The Properties of Proteins Produced from Frameshifted Genes
Frameshift mutations may provide the resulting proteins with various functions. Here, we found evidence that orf160 acquired the sequence for a transit peptide from the frameshift mutation of a duplicated gene. A number of aa sequences for the N-terminal extensions of nuclear-encoded chloroplast proteins have been analyzed. The transit peptide found in higher plants contains a stretch of aa rich in hydroxylated aa such as serine and threonine. It also contains some basic acids but only a few acidic acids (von Heijne et al. 1989Go). The proportion of hydroxylated aa of the frameshifted protein (90 aa) fused to the GFP was deduced to be 21%, whereas that of the original PPR564 was deduced to be 12%. Furthermore, the PPR564 protein from aa 1–82 contains 23 acidic aa (Asp and Glu), but the frameshifted protein of the same region has no such acidic aa. Such alterations of the mutated sequence must change the inherent characteristics of the protein.

The Role of Frameshift Mutations in the Evolutionary Divergence of Genes
Frameshift mutations are generally considered detrimental through the appearance of premature stop codons. However, the involvement of frameshift mutations for the divergence of some gene families in vertebrate and higher plants has been uncovered by an in silico analysis; among vertebrates, 16 examples (in 15 families) have led to functional diversity by frameshifting (Raes and Van de Peer 2005Go). It is often the case that frameshift mutations by in/del and alternative splicing are positioned in a particular region, especially the C terminal, resulting in the production of protein isoforms. In theory, although the genes influenced by frameshift mutations may gain a new function, they mostly possess a potential or "protofunction." In higher plants, the DEF/AP3 subfamily influences the formation of petals and stamens via B-function genes for MCM1, AGAMOUS, DEFICIENS and SRF (MADS) box proteins. The 2 lineages derived from the same origin can clearly be distinguished from their completely different C-terminal motifs. One motif is referred to as paleoAP3 and is found in lower eudicots, magnoliid dicots, monocots, and basal angiosperms, and the other is termed the euAP3 motif and is found in higher eudicots (Kramer et al. 1998Go). The paleoAP3 motif can still promote stamen formation, but, as result of divergence, it has lost the ability to induce petal formation in higher eudicots (Lamb and Irish 2003Go). Interestingly, the functional difference between the 2 motifs has derived from a frameshift mutation resulting in an 8-bp in/del (Vandenbussche et al. 2003Go). Clearly, frameshift mutations have played key roles in the evolutionary divergence of genes.
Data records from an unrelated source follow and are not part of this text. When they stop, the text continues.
(* Fix a positive integer $n$ and two partitions $\Lambda_w$ and $\Lambda_b$ of $n$. Then $$\sum_{T\in\mathbf{W}_{\Lambda_w,\Lambda_b}}\varepsilon(T)-\sum_{T\in\mathbf{B}_{\Lambda_w,\Lambda_b}}\varepsilon(T)=0.$$
   Context: A black and white tree is a finite tree embedded in $\mathbb{C}$ whose vertices are colored black and white so that adjacent vertices have different colors. It is real if it is invariant (including colors) under complex conjugation. Two real black and white trees are isomorphic if one is carried to the other by a homeomorphism of $\mathbb{C}$ commuting with complex conjugation, preserving the orientation of the real axis (and preserving the trees with their colors); trees are considered up to isomorphism. The real vertices of a real tree $T$ are its vertices on $\mathbb{R}$, ordered from left to right. A disorder of $T$ is a pair of real vertices of the same color such that the left one has strictly greater degree than the right one. The sign is $\varepsilon(T)=(-1)^d$, $d$ the number of disorders. $T$ is a white side (resp. black side) tree if its rightmost real vertex is white (resp. black). $\mathbf{W}_{\Lambda_w,\Lambda_b}$ (resp. $\mathbf{B}_{\Lambda_w,\Lambda_b}$) denotes the set of isomorphism classes of white side (resp. black side) real black and white trees whose white vertex degrees form the partition $\Lambda_w$ and black vertex degrees form $\Lambda_b$. *)

theory Defs
  imports Main "HOL-Library.Multiset"
begin

text \<open>Combinatorial model of isomorphism classes of real black and white trees.
A real tree meets the real axis in a path of real vertices v_0 < ... < v_(k-1)
(consecutive ones joined by real edges, colours alternating). Everything else
lies in the open upper half plane and its mirror image. At each real vertex the
edges going into the upper half plane are linearly ordered (by angle from the
positive to the negative real direction), and each carries a planted plane tree.
Hence an isomorphism class is encoded by the colour of the leftmost real vertex
(True = white) and, for each real vertex from left to right, the ordered list
of plane rooted trees hanging into the upper half plane.\<close>

datatype ptree = Node "ptree list"

text \<open>Colour/degree pairs of the non-real vertices of a planted tree whose root
has colour x (the root also has its edge to the parent).\<close>
fun pdegs :: "bool \<Rightarrow> ptree \<Rightarrow> (bool \<times> nat) multiset" where
  "pdegs x (Node ts) = {#(x, Suc (length ts))#} + sum_list (map (pdegs (\<not> x)) ts)"

type_synonym rtree = "bool \<times> ptree list list"

fun rt_valid :: "rtree \<Rightarrow> bool" where
  "rt_valid (c, vs) = (vs \<noteq> [])"

definition rcol :: "bool \<Rightarrow> nat \<Rightarrow> bool" where
  "rcol c i = (if even i then c else \<not> c)"

text \<open>degree of the i-th real vertex: real edges plus upper edges and their mirrors\<close>
definition rdeg :: "ptree list list \<Rightarrow> nat \<Rightarrow> nat" where
  "rdeg vs i = 2 * length (vs ! i) + (if 0 < i then 1 else 0)
               + (if Suc i < length vs then 1 else 0)"

text \<open>multiset of (colour, degree) over all vertices; non-real vertices come in
conjugate pairs, hence are counted twice\<close>
fun all_degs :: "rtree \<Rightarrow> (bool \<times> nat) multiset" where
  "all_degs (c, vs) =
     mset (map (\<lambda>i. (rcol c i, rdeg vs i)) [0..<length vs])
     + sum_list (map (\<lambda>i. sum_list (map (\<lambda>t. pdegs (\<not> rcol c i) t + pdegs (\<not> rcol c i) t) (vs ! i)))
                     [0..<length vs])"

definition white_degs :: "rtree \<Rightarrow> nat multiset" where
  "white_degs T = image_mset snd (filter_mset fst (all_degs T))"

definition black_degs :: "rtree \<Rightarrow> nat multiset" where
  "black_degs T = image_mset snd (filter_mset (\<lambda>p. \<not> fst p) (all_degs T))"

fun disorders :: "rtree \<Rightarrow> nat" where
  "disorders (c, vs) = card {(i, j). i < j \<and> j < length vs \<and> rcol c i = rcol c j
                                    \<and> rdeg vs j < rdeg vs i}"

definition tsign :: "rtree \<Rightarrow> int" where
  "tsign T = (-1) ^ disorders T"

fun white_side :: "rtree \<Rightarrow> bool" where
  "white_side (c, vs) = rcol c (length vs - 1)"

definition Wtrees :: "nat multiset \<Rightarrow> nat multiset \<Rightarrow> rtree set" where
  "Wtrees Lw Lb = {T. rt_valid T \<and> white_side T \<and> white_degs T = Lw \<and> black_degs T = Lb}"

definition Btrees :: "nat multiset \<Rightarrow> nat multiset \<Rightarrow> rtree set" where
  "Btrees Lw Lb = {T. rt_valid T \<and> \<not> white_side T \<and> white_degs T = Lw \<and> black_degs T = Lb}"
lemma Hstar_iff: "k \<in> Hstar m \<longleftrightarrow> k \<in> HH \<and> (\<forall>i l. \<bar>k$i - k$l\<bar> \<le> 4 * int m)"
proof -
  have "(\<forall>i l. i < l \<longrightarrow> - 4 * int m \<le> k$i - k$l \<and> k$i - k$l \<le> 4 * int m) \<longleftrightarrow>
        (\<forall>i l. \<bar>k$i - k$l\<bar> \<le> 4 * int m)" (is "?less \<longleftrightarrow> ?abs")
  proof
    assume less: ?less
    show ?abs
    proof (intro allI)
      fix i l :: 4
      show "\<bar>k$i - k$l\<bar> \<le> 4 * int m"
        using less[rule_format, of i l] less[rule_format, of l i]
        by (cases i l rule: linorder_cases) auto
    qed
  next
    assume abs: ?abs
    show ?less
    proof (intro allI impI)
      fix i l :: 4
      show "- 4 * int m \<le> k$i - k$l \<and> k$i - k$l \<le> 4 * int m"
        using abs[rule_format, of i l] by arith
    qed
  qed
  thus ?thesis unfolding Hstar_def by blast
qed

lemma Hstar_iff_range: "k \<in> Hstar m \<longleftrightarrow> k \<in> HH \<and> vmax k - vmin k \<le> 4 * int m"
proof -
  have "(\<forall>i l. \<bar>k$i - k$l\<bar> \<le> 4 * int m) \<longleftrightarrow> vmax k - vmin k \<le> 4 * int m"
  proof
    assume "\<forall>i l. \<bar>k$i - k$l\<bar> \<le> 4 * int m"
    moreover obtain i l where "k$i = vmax k" "k$l = vmin k" using vmax_attained vmin_attained by metis
    ultimately have "\<bar>vmax k - vmin k\<bar> \<le> 4 * int m" by metis
    thus "vmax k - vmin k \<le> 4 * int m" by simp
  next
    assume "vmax k - vmin k \<le> 4 * int m"
    thus "\<forall>i l. \<bar>k$i - k$l\<bar> \<le> 4 * int m"
      using vmax_ge[of k] vmin_le[of k] by (smt (verit))
  qed
  thus ?thesis unfolding Hstar_iff by blast
qed

lemma HstarD:
  assumes "j \<in> Hstar n"
  shows "j \<in> HH" "j$1 + j$2 + j$3 + j$4 = 0" "\<And>i. j$i mod 4 = j$1 mod 4"
    "\<And>i l. \<bar>j$i - j$l\<bar> \<le> 4 * int n"
  using assms by (auto simp: Hstar_iff HH_iff)

lemma finite_Hstar: "finite (Hstar m)"
proof -
  have "Hstar m \<subseteq> (\<lambda>f. \<chi> i. f i) ` PiE UNIV (\<lambda>_. {-4 * int m..4 * int m})"
  proof
    fix k assume k: "k \<in> Hstar m"
    have "k$i \<in> {-4 * int m..4 * int m}" for i
      using HstarD(2)[OF k] HstarD(4)[OF k, of i 1] HstarD(4)[OF k, of i 2]
        HstarD(4)[OF k, of i 3] HstarD(4)[OF k, of i 4] by auto
    hence "(\<lambda>i. k$i) \<in> PiE UNIV (\<lambda>_. {-4 * int m..4 * int m})" by auto
    thus "k \<in> (\<lambda>f. \<chi> i. f i) ` PiE UNIV (\<lambda>_. {-4 * int m..4 * int m})"
      by (intro image_eqI[where x="\<lambda>i. k$i"]) auto
  qed
  moreover have "finite (PiE (UNIV::4 set) (\<lambda>_. {-4 * int m..4 * int m}))"
    by (intro finite_PiE) auto
  ultimately show ?thesis using finite_subset by blast
qed

section \<open>The weights sum to one over each class modulo 4n\<close>

lemma card_equal_card_subset_pairs:
  assumes fX: "finite X" and fY: "finite Y"
  shows "card {(A, B). A \<subseteq> X \<and> B \<subseteq> Y \<and> card A = card B} = (card X + card Y) choose card X"
proof -
  let ?S = "\<lambda>a. {A. A \<subseteq> X \<and> card A = a} \<times> {B. B \<subseteq> Y \<and> card B = a}"
  have eq: "{(A, B). A \<subseteq> X \<and> B \<subseteq> Y \<and> card A = card B} = (\<Union>a\<le>card Y. ?S a)"
    using fY by (auto intro: card_mono)
  have fin: "finite (?S a)" for a
    using fX fY by (auto intro: finite_subset[of _ "Pow X"] finite_subset[of _ "Pow Y"])
  have "card (\<Union>a\<le>card Y. ?S a) = (\<Sum>a\<le>card Y. card (?S a))"
    by (rule card_UN_disjoint) (use fin in auto)
  also have "\<dots> = (\<Sum>a\<le>card Y. (card X choose a) * (card Y choose (card Y - a)))"
  proof (rule sum.cong[OF refl])
    fix a assume "a \<in> {..card Y}"
    thus "card (?S a) = (card X choose a) * (card Y choose (card Y - a))"
      by (simp add: card_cartesian_product n_subsets fX fY binomial_symmetric[of a "card Y"])
  qed
  also have "\<dots> = (card X + card Y) choose card Y" by (rule vandermonde)
  also have "\<dots> = (card X + card Y) choose card X"
    by (metis add_diff_cancel_right' binomial_symmetric le_add2)
  finally show ?thesis using eq by simp
qed

definition cong_vec :: "nat \<Rightarrow> int^4 \<Rightarrow> int^4 \<Rightarrow> bool" where
  "cong_vec n j j' \<longleftrightarrow> (\<forall>i. (4 * int n) dvd (j'$i - j$i))"

lemma cong_vec_sym: "cong_vec n j j' \<Longrightarrow> cong_vec n j' j"
  unfolding cong_vec_def by (simp add: dvd_diff_commute)

lemma cong_vec_trans: "cong_vec n j j' \<Longrightarrow> cong_vec n j' j'' \<Longrightarrow> cong_vec n j j''"
  unfolding cong_vec_def
proof (intro allI)
  fix i assume "\<forall>i. 4 * int n dvd j'$i - j$i" "\<forall>i. 4 * int n dvd j''$i - j'$i"
  hence "4 * int n dvd (j'$i - j$i) + (j''$i - j'$i)" by (intro dvd_add) auto
  thus "4 * int n dvd j''$i - j$i" by simp
qed

definition cong_class :: "nat \<Rightarrow> int^4 \<Rightarrow> (int^4) set" where
  "cong_class n j = {j' \<in> Hstar n. cong_vec n j j'}"

definition shift_vec :: "nat \<Rightarrow> 4 set \<Rightarrow> 4 set \<Rightarrow> int^4 \<Rightarrow> int^4" where
  "shift_vec n A B j = (\<chi> i. j$i + 4 * int n * (of_bool (i \<in> B) - of_bool (i \<in> A)))"

lemma shift_vec_nth: "shift_vec n A B j $ i = j$i + 4 * int n * (of_bool (i \<in> B) - of_bool (i \<in> A))"
  by (simp add: shift_vec_def)

lemma cong_vec_shift_vec: "cong_vec n j (shift_vec n A B j)"
  by (simp add: cong_vec_def shift_vec_nth)

definition shift_choices :: "nat \<Rightarrow> int^4 \<Rightarrow> (4 set \<times> 4 set) set" where
  "shift_choices n j = {(A, B). A \<subseteq> max_coords j \<and> B \<subseteq> min_coords j \<and> card A = card B \<and>
                               (A \<noteq> {} \<longrightarrow> vmax j - vmin j = 4 * int n)}"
Evidence for the Involvement of a Frameshift Mutation in the Generation of Transit Peptides
Gene families are generated by repeated duplications. Thus, the Arabidopsis genome includes at least 780 gene families, each with more than 5 members, and the rice genome has 824 gene families (Horan et al. 2005Go). In addition to such genes, segmental duplications are widespread in plants. For example, in the Arabidopsis and rice genomes, up to 90% and 62% of loci are duplicated, respectively. However, the importance of such segmental duplication is still under investigation.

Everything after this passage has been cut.